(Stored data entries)
===============

lemma abs_phi_diff_le_common_prefix:
  assumes "\<beta> > 1" and "\<forall>n. \<bar>real_of_int (s n)\<bar> \<le> B" and "\<forall>n. \<bar>real_of_int (t n)\<bar> \<le> B"
    and "\<forall>i<N. s i = t i"
  shows "\<bar>phi \<beta> s - phi \<beta> t\<bar> \<le> 2 * B / (\<beta> - 1) / \<beta> ^ N"
proof -
  define w where "w = map s [0..<N]"
  have bounds: "\<forall>n. \<bar>real_of_int (seq_drop N s n)\<bar> \<le> B" "\<forall>n. \<bar>real_of_int (seq_drop N t n)\<bar> \<le> B"
    using assms(2,3) by (simp_all add: seq_drop_def)
  have "s = prepend w (seq_drop N s)" "t = prepend w (seq_drop N t)"
    using prepend_seq_drop[of w s] prepend_seq_drop[of w t] assms(4) by (auto simp: w_def)
  then have "\<bar>phi \<beta> s - phi \<beta> t\<bar> = \<bar>phi \<beta> (seq_drop N s) - phi \<beta> (seq_drop N t)\<bar> / \<beta> ^ N"
    using phi_prepend[OF assms(1) bounds(1), of w] phi_prepend[OF assms(1) bounds(2), of w] assms(1)
    by (simp add: w_def abs_divide flip: diff_divide_distrib)
  also have "\<dots> \<le> 2 * B / (\<beta> - 1) / \<beta> ^ N"
    using abs_phi_le[OF assms(1) bounds(1)] abs_phi_le[OF assms(1) bounds(2)] assms(1)
    by (intro divide_right_mono) auto
  finally show ?thesis .
qed

lemma exists_power_inverse_less:
  fixes \<beta> C \<delta> :: real
  assumes "\<beta> > 1" and "\<delta> > 0"
  shows "\<exists>N. C / \<beta> ^ N < \<delta>"
proof -
  obtain N where "C / \<delta> < \<beta> ^ N" using real_arch_pow[OF assms(1)] by blast
  then have "C / \<beta> ^ N < \<delta>" using assms by (simp add: divide_less_eq mult.commute)
  then show ?thesis ..
qed

section \<open>Walks and label sequences\<close>

fun walk :: "('v \<times> 'v) set \<Rightarrow> ('v \<times> 'v \<Rightarrow> int) \<Rightarrow> 'v \<Rightarrow> int list \<Rightarrow> 'v \<Rightarrow> bool" where
  "walk E lab i [] j \<longleftrightarrow> i = j"
| "walk E lab i (a # w) j \<longleftrightarrow> (\<exists>k. (i, k) \<in> E \<and> lab (i, k) = a \<and> walk E lab k w j)"

lemma set_walk_subset: "walk E lab i w j \<Longrightarrow> set w \<subseteq> lab ` E"
  by (induction w arbitrary: i) auto

definition Kplus_from :: "('v \<times> 'v) set \<Rightarrow> ('v \<times> 'v \<Rightarrow> int) \<Rightarrow> 'v \<Rightarrow> (nat \<Rightarrow> int) set" where
  "Kplus_from E lab j =
     {s. \<exists>p. p 0 = j \<and> (\<forall>n. (p n, p (Suc n)) \<in> E \<and> s n = lab (p n, p (Suc n)))}"

lemma Kplus_eq_UN_Kplus_from: "Kplus E lab = (\<Union>j. Kplus_from E lab j)"
  by (auto simp: Kplus_from_def Kplus_def)

lemma Kplus_from_unfold:
  "t \<in> Kplus_from E lab j \<longleftrightarrow>
     (\<exists>k. (j, k) \<in> E \<and> t 0 = lab (j, k) \<and> seq_drop 1 t \<in> Kplus_from E lab k)"
proof
  assume "t \<in> Kplus_from E lab j"
  then obtain p where "p 0 = j" "\<forall>n. (p n, p (Suc n)) \<in> E \<and> t n = lab (p n, p (Suc n))"
    by (auto simp: Kplus_from_def)
  then show "\<exists>k. (j, k) \<in> E \<and> t 0 = lab (j, k) \<and> seq_drop 1 t \<in> Kplus_from E lab k"
    unfolding Kplus_from_def seq_drop_def
    by (intro exI[of _ "p 1"] conjI CollectI exI[of _ "\<lambda>n. p (Suc n)"]) auto
next
  assume "\<exists>k. (j, k) \<in> E \<and> t 0 = lab (j, k) \<and> seq_drop 1 t \<in> Kplus_from E lab k"
  then obtain k p where "(j, k) \<in> E" "t 0 = lab (j, k)" "p 0 = k"
    and p: "\<forall>n. (p n, p (Suc n)) \<in> E \<and> t (Suc n) = lab (p n, p (Suc n))"
    by (auto simp: Kplus_from_def seq_drop_def)
  then have "\<forall>n. (case_nat j p n, case_nat j p (Suc n)) \<in> E \<and>
      t n = lab (case_nat j p n, case_nat j p (Suc n))"
    by (auto split: nat.split)
  then show "t \<in> Kplus_from E lab j"
    unfolding Kplus_from_def by (intro CollectI exI[of _ "case_nat j p"]) simp
qed

lemma prepend_in_Kplus_from:
  "walk E lab i w j \<Longrightarrow> t \<in> Kplus_from E lab j \<Longrightarrow> prepend w t \<in> Kplus_from E lab i"
proof (induction w arbitrary: i)
  case (Cons a w)
  then obtain k where "(i, k) \<in> E" "lab (i, k) = a" "prepend w t \<in> Kplus_from E lab k"
    by auto
  moreover have "seq_drop 1 (prepend (a # w) t) = prepend w t"
    by (auto simp: seq_drop_def prepend_def)
  ultimately show ?case
    by (subst Kplus_from_unfold) (auto simp: prepend_def)
qed (simp add: prepend_def [abs_def])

===============

* [REQUIRED ACTION]: From the line containing "by (auto simp: Kplus_from_def)" through the last line of the entries above, print each line exactly as it stands.

* [EXERCISE ANSWER]:
    by (auto simp: Kplus_from_def)
  then show "\<exists>k. (j, k) \<in> E \<and> t 0 = lab (j, k) \<and> seq_drop 1 t \<in> Kplus_from E lab k"
    unfolding Kplus_from_def seq_drop_def
    by (intro exI[of _ "p 1"] conjI CollectI exI[of _ "\<lambda>n. p (Suc n)"]) auto
next
  assume "\<exists>k. (j, k) \<in> E \<and> t 0 = lab (j, k) \<and> seq_drop 1 t \<in> Kplus_from E lab k"
  then obtain k p where "(j, k) \<in> E" "t 0 = lab (j, k)" "p 0 = k"
    and p: "\<forall>n. (p n, p (Suc n)) \<in> E \<and> t (Suc n) = lab (p n, p (Suc n))"
    by (auto simp: Kplus_from_def seq_drop_def)
  then have "\<forall>n. (case_nat j p n, case_nat j p (Suc n)) \<in> E \<and>
      t n = lab (case_nat j p n, case_nat j p (Suc n))"
    by (auto split: nat.split)
  then show "t \<in> Kplus_from E lab j"
    unfolding Kplus_from_def by (intro CollectI exI[of _ "case_nat j p"]) simp
qed

lemma prepend_in_Kplus_from:
  "walk E lab i w j \<Longrightarrow> t \<in> Kplus_from E lab j \<Longrightarrow> prepend w t \<in> Kplus_from E lab i"
proof (induction w arbitrary: i)
  case (Cons a w)
  then obtain k where "(i, k) \<in> E" "lab (i, k) = a" "prepend w t \<in> Kplus_from E lab k"
    by auto
  moreover have "seq_drop 1 (prepend (a # w) t) = prepend w t"
    by (auto simp: seq_drop_def prepend_def)
  ultimately show ?case
    by (subst Kplus_from_unfold) (auto simp: prepend_def)
qed (simp add: prepend_def [abs_def])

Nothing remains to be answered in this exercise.